Your instructions: Your answer should hold every line of the records below that contains the string "Rightarrow".

Records shown:
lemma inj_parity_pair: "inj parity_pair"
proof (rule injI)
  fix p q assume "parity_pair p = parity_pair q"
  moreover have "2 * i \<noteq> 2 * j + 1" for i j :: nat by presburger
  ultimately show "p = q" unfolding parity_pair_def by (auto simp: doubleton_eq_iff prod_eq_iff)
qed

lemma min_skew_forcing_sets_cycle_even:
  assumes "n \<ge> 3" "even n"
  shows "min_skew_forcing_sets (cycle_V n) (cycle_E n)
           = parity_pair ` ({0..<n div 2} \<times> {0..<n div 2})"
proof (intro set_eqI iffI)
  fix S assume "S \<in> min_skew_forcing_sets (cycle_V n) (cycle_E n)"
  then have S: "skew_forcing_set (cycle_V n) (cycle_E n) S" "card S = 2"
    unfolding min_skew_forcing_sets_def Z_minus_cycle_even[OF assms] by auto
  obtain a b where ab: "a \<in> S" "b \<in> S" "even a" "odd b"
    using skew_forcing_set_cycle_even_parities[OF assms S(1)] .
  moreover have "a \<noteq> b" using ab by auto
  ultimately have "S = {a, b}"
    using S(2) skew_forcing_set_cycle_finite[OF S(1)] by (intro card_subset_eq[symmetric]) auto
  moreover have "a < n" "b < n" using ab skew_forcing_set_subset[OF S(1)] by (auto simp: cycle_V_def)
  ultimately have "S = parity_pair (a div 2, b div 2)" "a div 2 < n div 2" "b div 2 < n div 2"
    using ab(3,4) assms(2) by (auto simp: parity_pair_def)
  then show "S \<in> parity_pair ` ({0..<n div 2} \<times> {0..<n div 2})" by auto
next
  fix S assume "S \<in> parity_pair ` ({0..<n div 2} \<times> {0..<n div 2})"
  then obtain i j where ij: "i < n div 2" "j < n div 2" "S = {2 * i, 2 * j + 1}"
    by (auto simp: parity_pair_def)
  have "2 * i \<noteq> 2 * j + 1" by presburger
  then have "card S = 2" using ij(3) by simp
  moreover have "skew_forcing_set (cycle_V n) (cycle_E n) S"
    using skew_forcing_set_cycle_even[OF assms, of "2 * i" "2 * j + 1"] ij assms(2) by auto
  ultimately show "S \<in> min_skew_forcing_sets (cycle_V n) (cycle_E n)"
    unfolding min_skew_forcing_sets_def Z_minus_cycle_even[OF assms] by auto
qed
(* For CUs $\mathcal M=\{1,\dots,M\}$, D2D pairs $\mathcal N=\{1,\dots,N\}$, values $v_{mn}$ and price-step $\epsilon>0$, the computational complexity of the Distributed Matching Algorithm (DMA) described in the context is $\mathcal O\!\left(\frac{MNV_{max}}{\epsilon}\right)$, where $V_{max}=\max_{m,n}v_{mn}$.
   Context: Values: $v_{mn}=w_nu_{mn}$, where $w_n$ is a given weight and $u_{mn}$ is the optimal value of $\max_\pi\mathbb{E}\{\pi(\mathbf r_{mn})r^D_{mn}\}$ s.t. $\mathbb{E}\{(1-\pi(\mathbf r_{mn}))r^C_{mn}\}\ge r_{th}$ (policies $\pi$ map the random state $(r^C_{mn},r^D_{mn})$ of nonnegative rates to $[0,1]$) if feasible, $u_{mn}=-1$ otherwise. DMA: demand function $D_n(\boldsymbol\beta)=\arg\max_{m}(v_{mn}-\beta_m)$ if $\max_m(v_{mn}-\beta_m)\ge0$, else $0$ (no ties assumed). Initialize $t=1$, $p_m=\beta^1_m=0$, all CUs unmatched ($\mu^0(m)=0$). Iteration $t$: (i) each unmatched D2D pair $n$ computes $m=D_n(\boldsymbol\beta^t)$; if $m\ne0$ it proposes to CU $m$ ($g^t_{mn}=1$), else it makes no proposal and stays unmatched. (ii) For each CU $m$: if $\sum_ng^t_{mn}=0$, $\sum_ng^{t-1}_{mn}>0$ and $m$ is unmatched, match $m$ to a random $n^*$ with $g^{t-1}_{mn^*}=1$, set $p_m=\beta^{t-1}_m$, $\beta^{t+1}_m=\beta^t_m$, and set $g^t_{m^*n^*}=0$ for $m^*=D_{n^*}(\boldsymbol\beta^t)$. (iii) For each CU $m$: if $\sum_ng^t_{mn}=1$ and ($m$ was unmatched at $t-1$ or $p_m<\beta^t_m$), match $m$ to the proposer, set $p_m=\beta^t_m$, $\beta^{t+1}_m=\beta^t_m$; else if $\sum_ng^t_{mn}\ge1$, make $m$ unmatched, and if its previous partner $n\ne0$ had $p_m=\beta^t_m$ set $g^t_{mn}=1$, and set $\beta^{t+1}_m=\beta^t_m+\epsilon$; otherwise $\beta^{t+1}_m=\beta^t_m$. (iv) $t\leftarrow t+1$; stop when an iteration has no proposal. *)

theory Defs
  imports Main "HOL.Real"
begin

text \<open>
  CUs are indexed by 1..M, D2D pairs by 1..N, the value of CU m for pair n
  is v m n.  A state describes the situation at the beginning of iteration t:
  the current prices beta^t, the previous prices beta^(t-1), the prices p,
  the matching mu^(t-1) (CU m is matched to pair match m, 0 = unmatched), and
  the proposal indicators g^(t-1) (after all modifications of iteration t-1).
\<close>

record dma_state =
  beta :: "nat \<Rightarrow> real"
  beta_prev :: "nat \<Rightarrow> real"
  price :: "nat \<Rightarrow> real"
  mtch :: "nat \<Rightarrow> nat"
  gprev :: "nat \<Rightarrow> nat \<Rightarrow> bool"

Output for this exercise:
  beta :: "nat \<Rightarrow> real"
  beta_prev :: "nat \<Rightarrow> real"
  price :: "nat \<Rightarrow> real"
  mtch :: "nat \<Rightarrow> nat"
  gprev :: "nat \<Rightarrow> nat \<Rightarrow> bool"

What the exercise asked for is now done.